PROBLEM: Could you print each line of the material below exactly?

TASK DATA:
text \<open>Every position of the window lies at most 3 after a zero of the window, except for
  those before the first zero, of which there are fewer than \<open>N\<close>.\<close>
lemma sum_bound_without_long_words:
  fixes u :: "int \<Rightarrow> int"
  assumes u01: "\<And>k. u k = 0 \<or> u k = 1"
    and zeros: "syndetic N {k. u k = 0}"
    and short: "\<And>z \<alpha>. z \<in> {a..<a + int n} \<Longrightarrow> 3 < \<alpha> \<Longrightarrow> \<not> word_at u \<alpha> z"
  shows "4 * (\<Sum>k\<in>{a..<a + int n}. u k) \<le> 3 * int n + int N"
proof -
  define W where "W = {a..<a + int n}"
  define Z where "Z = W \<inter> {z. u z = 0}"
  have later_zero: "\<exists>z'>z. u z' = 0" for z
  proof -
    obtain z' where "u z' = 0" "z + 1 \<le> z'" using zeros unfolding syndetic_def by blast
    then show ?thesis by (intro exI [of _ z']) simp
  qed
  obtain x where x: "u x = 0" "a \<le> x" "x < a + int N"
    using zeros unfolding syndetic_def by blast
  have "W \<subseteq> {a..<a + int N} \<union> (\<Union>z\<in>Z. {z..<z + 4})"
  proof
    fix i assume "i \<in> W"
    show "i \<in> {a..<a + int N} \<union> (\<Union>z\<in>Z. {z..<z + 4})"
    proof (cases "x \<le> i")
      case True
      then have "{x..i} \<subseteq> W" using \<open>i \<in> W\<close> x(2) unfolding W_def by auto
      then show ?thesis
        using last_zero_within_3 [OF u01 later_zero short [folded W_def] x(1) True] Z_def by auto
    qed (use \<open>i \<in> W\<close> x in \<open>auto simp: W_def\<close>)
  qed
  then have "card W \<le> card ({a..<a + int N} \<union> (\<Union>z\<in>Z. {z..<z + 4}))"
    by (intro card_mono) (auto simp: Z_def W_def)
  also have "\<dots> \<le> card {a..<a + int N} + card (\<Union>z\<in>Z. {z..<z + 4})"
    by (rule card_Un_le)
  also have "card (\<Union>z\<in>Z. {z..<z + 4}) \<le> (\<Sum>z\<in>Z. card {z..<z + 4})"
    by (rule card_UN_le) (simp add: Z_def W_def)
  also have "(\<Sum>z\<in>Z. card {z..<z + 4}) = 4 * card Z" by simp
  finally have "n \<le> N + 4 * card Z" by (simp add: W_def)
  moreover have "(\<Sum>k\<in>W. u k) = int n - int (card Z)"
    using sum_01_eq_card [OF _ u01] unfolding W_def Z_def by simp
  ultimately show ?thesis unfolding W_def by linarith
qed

RESPONSE TO THIS EXERCISE:
text \<open>Every position of the window lies at most 3 after a zero of the window, except for
  those before the first zero, of which there are fewer than \<open>N\<close>.\<close>
lemma sum_bound_without_long_words:
  fixes u :: "int \<Rightarrow> int"
  assumes u01: "\<And>k. u k = 0 \<or> u k = 1"
    and zeros: "syndetic N {k. u k = 0}"
    and short: "\<And>z \<alpha>. z \<in> {a..<a + int n} \<Longrightarrow> 3 < \<alpha> \<Longrightarrow> \<not> word_at u \<alpha> z"
  shows "4 * (\<Sum>k\<in>{a..<a + int n}. u k) \<le> 3 * int n + int N"
proof -
  define W where "W = {a..<a + int n}"
  define Z where "Z = W \<inter> {z. u z = 0}"
  have later_zero: "\<exists>z'>z. u z' = 0" for z
  proof -
    obtain z' where "u z' = 0" "z + 1 \<le> z'" using zeros unfolding syndetic_def by blast
    then show ?thesis by (intro exI [of _ z']) simp
  qed
  obtain x where x: "u x = 0" "a \<le> x" "x < a + int N"
    using zeros unfolding syndetic_def by blast
  have "W \<subseteq> {a..<a + int N} \<union> (\<Union>z\<in>Z. {z..<z + 4})"
  proof
    fix i assume "i \<in> W"
    show "i \<in> {a..<a + int N} \<union> (\<Union>z\<in>Z. {z..<z + 4})"
    proof (cases "x \<le> i")
      case True
      then have "{x..i} \<subseteq> W" using \<open>i \<in> W\<close> x(2) unfolding W_def by auto
      then show ?thesis
        using last_zero_within_3 [OF u01 later_zero short [folded W_def] x(1) True] Z_def by auto
    qed (use \<open>i \<in> W\<close> x in \<open>auto simp: W_def\<close>)
  qed
  then have "card W \<le> card ({a..<a + int N} \<union> (\<Union>z\<in>Z. {z..<z + 4}))"
    by (intro card_mono) (auto simp: Z_def W_def)
  also have "\<dots> \<le> card {a..<a + int N} + card (\<Union>z\<in>Z. {z..<z + 4})"
    by (rule card_Un_le)
  also have "card (\<Union>z\<in>Z. {z..<z + 4}) \<le> (\<Sum>z\<in>Z. card {z..<z + 4})"
    by (rule card_UN_le) (simp add: Z_def W_def)
  also have "(\<Sum>z\<in>Z. card {z..<z + 4}) = 4 * card Z" by simp
  finally have "n \<le> N + 4 * card Z" by (simp add: W_def)
  moreover have "(\<Sum>k\<in>W. u k) = int n - int (card Z)"
    using sum_01_eq_card [OF _ u01] unfolding W_def Z_def by simp
  ultimately show ?thesis unfolding W_def by linarith
qed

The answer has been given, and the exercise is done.